Lines holding the word "auto" are the ones to copy from the data below.

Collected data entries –
"""
lemma Mnorm_ge:
  assumes "orlicz_fun \<phi>" "f \<in> Mspace \<gamma> \<phi> w"
    and "\<And>\<epsilon>. \<epsilon> > 0 \<Longrightarrow> Qmod \<gamma> \<phi> w (\<lambda>x. f x / \<epsilon>) \<le> 1 \<Longrightarrow> r \<le> \<epsilon>"
  shows "r \<le> Mnorm \<gamma> \<phi> w f"
  unfolding Mnorm_def using Mspace_ex_Qmod_le_1[OF assms(1,2)] assms(3)
  by (intro cInf_greatest) auto

context
  fixes \<gamma> w \<phi>1 \<phi>2 b D
  assumes o1: "orlicz_fun \<phi>1" and b: "b > 0" and D: "D \<ge> 0"
    and Q: "\<And>f. Qmod \<gamma> \<phi>1 w f \<le> Qmod \<gamma> \<phi>2 w (\<lambda>x. b * f x) + ennreal D"
begin

lemma Mspace_subset_if_Qmod_le: "Mspace \<gamma> \<phi>2 w \<subseteq> Mspace \<gamma> \<phi>1 w"
proof
  fix f assume f: "f \<in> Mspace \<gamma> \<phi>2 w"
  obtain k where k: "k > 0" "Qmod \<gamma> \<phi>2 w (\<lambda>x. k * f x) < \<infinity>"
    using f unfolding Mspace_def by auto
  have "(\<lambda>x. b * (k / b * f x)) = (\<lambda>x. k * f x)" using b by auto
  then have "Qmod \<gamma> \<phi>1 w (\<lambda>x. k / b * f x) \<le> Qmod \<gamma> \<phi>2 w (\<lambda>x. k * f x) + ennreal D"
    using Q[of "\<lambda>x. k / b * f x"] by simp
  also have "\<dots> < \<infinity>" using k by (simp add: less_top[symmetric])
  finally show "f \<in> Mspace \<gamma> \<phi>1 w" using f k b unfolding Mspace_def
    by (auto intro!: exI[of _ "k / b"])
qed
(* Let $Q=[(n_1,q_1),\dots,(n_m,q_m)]$ be a compatible pointed irregular type with fission tree nodes as defined in the context, and let $\mathbb A^\flat$ be the set of admissible nodes of height $\le K$. Let $\mathcal R$ be the set of maps $c:\mathbb A^\flat\to\mathbb C$ such that (1) $c(v)\ne0$ for every mandatory node $v$; (2) $c(u)\ne c(w)$ for any two distinct admissible, non-mandatory nodes $u,w$ with the same parent; (3) $c(u)^N\ne c(w)^N$ for any two distinct mandatory nodes $u,w$ with the same parent $p$, where $N=N_p$. Then the map $\mathcal R\to\mathbb C^{ms}$, $c\mapsto\mathbf a(c)$, with $a_{i,j}(c)=c(\langle\tau_{j/r}(q_i)\rangle)$ if $j/r\in A(\mathrm{Levels}(q_i))$ and $a_{i,j}(c)=0$ otherwise, is a homeomorphism of $\mathcal R$ (with the topology from $\mathbb C^{\mathbb A^\flat}$) onto $\mathbf B(Q)$.
   Context: Exponential factors: finite sums $q=\sum_ka_kx^k$, $a_k\in\mathbb C$, $k\in\mathbb Q_{>0}$; $\mathrm{slope}(q)$ = largest exponent with nonzero coefficient ($0$ if $q=0$); $\mathrm{ram}(q)$ = least $r\ge1$ with $q\in x^{1/r}\mathbb C[x^{1/r}]$. Galois operator $\sigma(\sum a_kx^k)=\sum a_ke^{-2\pi\sqrt{-1}k}x^k$; Stokes circle $\langle q\rangle=\{\sigma^i(q)\}$, $\mathrm{ram}\langle q\rangle:=\mathrm{ram}(q)$. Truncation $\tau_k(\sum a_{k'}x^{k'})=\sum_{k'\ge k}a_{k'}x^{k'}$. $\mathrm{Levels}(q)=\{\mathrm{slope}(q-\sigma^i(q)):i\in\mathbb Z\}\setminus\{0\}$. For $L=\{k_1>\dots>k_m\}$, $r_i$ = lcm of denominators of $k_1,\dots,k_i$, admissible exponents $A(L)=\mathbb N_{>0}\cup\bigcup_i\big((0,k_i]\cap\frac1{r_i}\mathbb N\big)$. Pointed irregular type $Q=[(n_1,q_1),\dots,(n_m,q_m)]$: $n_i\in\mathbb N_{>0}$, $q_i$ in pairwise distinct orbits; compatible if $\langle\tau_k(q_i)\rangle=\langle\tau_k(q_j)\rangle\Rightarrow\tau_k(q_i)=\tau_k(q_j)$ for all $k\in\mathbb Q_{>0}$, $i,j$. $Q'\sim Q$ means same length and multiplicities and $\mathrm{slope}(\sigma^k(q'_i)-\sigma^l(q'_j))=\mathrm{slope}(\sigma^k(q_i)-\sigma^l(q_j))$ for all $i,j$, $0\le k\le\mathrm{ram}(q_i)$, $0\le l\le\mathrm{ram}(q_j)$. Configuration space: $r=\mathrm{lcm}_i\mathrm{ram}(q_i)$, $K=\max_i\mathrm{slope}(q_i)$, $s=rK$, $Q_{\mathbf a}=[(n_i,\sum_{j=1}^sa_{i,j}x^{j/r})]$, $\mathbf B(Q)=\{\mathbf a\in\mathbb C^{ms}:Q_{\mathbf a}\sim Q\}$. Fission tree of compatible $Q$: let $A(Q)=\bigcup_iA(\mathrm{Levels}(q_i))$. For $k\in A(Q)$, the nodes of height $k$ are the Stokes circles $\langle\tau_k(q_i)\rangle$, $1\le i\le m$ (a set $\mathbb V_k$). If $k^-$ is the largest element of $A(Q)$ less than $k$, the parent of a node $\langle\tau_{k^-}(q_i)\rangle$ is $\langle\tau_k(q_i)\rangle$ (and the former is a child of the latter). A node $\langle\tau_k(q_i)\rangle$ is admissible if $k\in A(\mathrm{Levels}(q_i))$ and mandatory if $k\in\mathrm{Levels}(q_i)$. The ramification of a node $v=\langle\tau_k(q_i)\rangle$ is $\mathrm{Ram}(v)=\mathrm{ram}(\tau_k(q_i))$. For a node $v$ of height $k$ whose children have height $k^-$ with denominator $b$ (in lowest terms), $N_v=\mathrm{lcm}(\mathrm{Ram}(v),b)/\mathrm{Ram}(v)$. *)

theory Defs
  imports "HOL-Analysis.Analysis"
begin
"""
Result –
  by (intro cInf_greatest) auto
    using f unfolding Mspace_def by auto
  have "(\<lambda>x. b * (k / b * f x)) = (\<lambda>x. k * f x)" using b by auto
    by (auto intro!: exI[of _ "k / b"])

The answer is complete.